Help with "secondary" constructors

How I can convert this Java class to Kotlin?

import java.util.Collection;

import org.springframework.security.authentication.UsernamePasswordAuthenticationToken;
import org.springframework.security.core.GrantedAuthority;

public final class DomainUsernamePasswordAuthenticationToken extends UsernamePasswordAuthenticationToken {
  private final String domain;

  public DomainUsernamePasswordAuthenticationToken(String principal, String credentials, String domain) {
  super(principal, credentials);
  this.domain = domain;
  }

  public DomainUsernamePasswordAuthenticationToken(CalendarUser principal, String credentials, String domain,
           Collection<? extends GrantedAuthority> authorities) {
  super(principal, credentials, authorities);
  this.domain = domain;
  }

  public String getDomain() {
  return domain;
  }

  private static final long serialVersionUID = -5138870746127783L;
}

Try this:

``

import java.util.Collection;

import org.springframework.security.authentication.UsernamePasswordAuthenticationToken;
import org.springframework.security.core.GrantedAuthority;

public class DomainUsernamePasswordAuthenticationToken(
  principal: CalendarUser,
  credentials: String,
  val domain: String,
  authorities: Collection<out GrantedAuthority>? = null
) : UsernamePasswordAuthenticationToken(principal, credentials, authorities) {

  {
  if (authorities == null) {
           super.setAuthenticated(false)
  }
  }

  private val serialVersionUID = -5138870746127783
}

The problem whit this approach, is that "principal" parameter have type String in one constructor and CalendarUser in other, surely I could use Any as parameter, cause' the super constructor take a Object as parameter, but this is not a corner case and must be addressed.

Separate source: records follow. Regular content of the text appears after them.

lemma chi2_density_mult_nonneg: "0 \<le> chi2_density k x * x"
proof (cases "x > 0")
  case True
  then show ?thesis using chi2_density_nonneg[of k x] by simp
qed (simp add: chi2_density_def)

lemma Gamma_half_nat_pos: "k > 0 \<Longrightarrow> Gamma (real k / 2) > 0"
  by (simp add: Gamma_real_pos)

lemma borel_measurable_chi2_density [measurable]: "chi2_density k \<in> borel_measurable borel"
  unfolding chi2_density_def by measurable

lemma Gamma_half_nat_plus1:
  assumes "k > 0"
  shows "Gamma (real k / 2 + 1) = real k / 2 * Gamma (real k / 2)"
proof -
  have "real k / 2 \<notin> \<int>\<^sub>\<le>\<^sub>0" using assms nonpos_Ints_nonpos[of "real k / 2"] by auto
  then show ?thesis by (simp add: Gamma_plus1)
qed

lemma nn_integral_chi2_moment:
  assumes k: "k > 0"
  shows "(\<integral>\<^sup>+x. ennreal (chi2_density k x * x ^ n) \<partial>lborel)
    = ennreal (2 ^ n * Gamma (real k / 2 + n) / Gamma (real k / 2))"
proof -
  define a where "a = real k / 2"
  have a: "a > 0" using k by (simp add: a_def)
  have C: "2 powr a * Gamma a > 0" using a by (simp add: Gamma_real_pos)
  have density: "ennreal (chi2_density k x * x ^ n) = ennreal (1 / (2 powr a * Gamma a)) *
      ennreal (indicator {0<..} x * x powr (a + real n - 1) * exp (- x / 2))" for x
  proof (cases "x > 0")
    case True
    then have "x powr (a + real n - 1) = x powr (a - 1) * x ^ n"
      by (simp add: powr_add[symmetric] powr_realpow[symmetric] algebra_simps)
    then show ?thesis using True C
      by (simp add: chi2_density_def a_def ennreal_mult[symmetric] indicator_def field_simps)
  qed (simp add: chi2_density_def indicator_def)
  have "(\<integral>\<^sup>+x. ennreal (chi2_density k x * x ^ n) \<partial>lborel) =
      ennreal (1 / (2 powr a * Gamma a)) * ennreal (2 powr (a + real n) * Gamma (a + real n))"
    unfolding density using a nn_integral_powr_exp_half[of "a + real n"]
    by (subst nn_integral_cmult) simp_all
  also have "\<dots> = ennreal (2 ^ n * Gamma (a + n) / Gamma a)"
    using C a by (simp add: ennreal_mult[symmetric] Gamma_real_pos powr_add powr_realpow field_simps)
  finally show ?thesis by (simp add: a_def)
qed

lemma has_bochner_integral_chi2_moment:
  assumes "k > 0"
  shows "has_bochner_integral lborel (\<lambda>x. chi2_density k x * x ^ n)
    (2 ^ n * Gamma (real k / 2 + n) / Gamma (real k / 2))"
  using assms nn_integral_chi2_moment[OF assms, of n]
  by (intro has_bochner_integral_nn_integral)
    (auto intro!: AE_I2 mult_nonneg_nonneg Gamma_real_pos less_imp_le simp: chi2_density_def)

lemma chi2_mean:
  assumes "k > 0"
  shows "has_bochner_integral lborel (\<lambda>x. chi2_density k x * x) (real k)"
proof -
  have "2 ^ 1 * Gamma (real k / 2 + 1) / Gamma (real k / 2) = real k"
    unfolding Gamma_half_nat_plus1[OF assms] using Gamma_half_nat_pos[OF assms] by simp
  then show ?thesis using has_bochner_integral_chi2_moment[OF assms, of 1] by simp
qed

lemma chi2_second_moment:
  assumes "k > 0"
  shows "has_bochner_integral lborel (\<lambda>x. chi2_density k x * x ^ 2) (real k * (real k + 2))"
proof -
  have "Gamma (real k / 2 + 2) = (real k / 2 + 1) * (real k / 2 * Gamma (real k / 2))"
    using Gamma_plus1[of "real k / 2 + 1"] nonpos_Ints_nonpos[of "real k / 2 + 1"]
    by (force simp: add.assoc Gamma_half_nat_plus1[OF assms])
  then have "2 ^ 2 * Gamma (real k / 2 + 2) / Gamma (real k / 2) = real k * (real k + 2)"
    using Gamma_half_nat_pos[OF assms] by (simp add: field_simps)
  then show ?thesis using has_bochner_integral_chi2_moment[OF assms, of 2] by simp
qed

The “Java to Kotlin” feature that come with the plugin produce some “init” functions inside the class object but this code is imposible to compile

The standard way of creating "secondary constructors" is this:

``

class A (x: Int) {
  …
}

fun A(y: String): A = A(y.size())

fun test() {

  val a1 = A(1)
  val a2 = A(“2”)

}

I resolved it using your sugestion

public class DomainUsernamePasswordAuthenticationToken(principal: Any, credentials: String, val domain: String, authorities: Collection<GrantedAuthority>?) : UsernamePasswordAuthenticationToken(principal, credentials, authorities) {

}

fun DomainUsernamePasswordAuthenticationToken(principal: String, credentials: String, domain: String): DomainUsernamePasswordAuthenticationToken {
  return DomainUsernamePasswordAuthenticationToken(principal = principal,
           credentials = credentials,
           domain = domain,
           authorities = null)
}

fun DomainUsernamePasswordAuthenticationToken(principal: CalendarUser, credentials: String, domain: String, authorities: Collection<GrantedAuthority>): DomainUsernamePasswordAuthenticationToken {
  return DomainUsernamePasswordAuthenticationToken(principal = principal,
           credentials = credentials,
           domain = domain,
           authorities = authorities)
}


In this particular case will work, 'cause UsernamePasswordAuthenticationToken could receive a null in the authorities param, but proper secondary constructors are necesary in other cases (This could be also addressed with some type trickery)

I think when authorities == null you should call setAuthenticated(false) after created instance.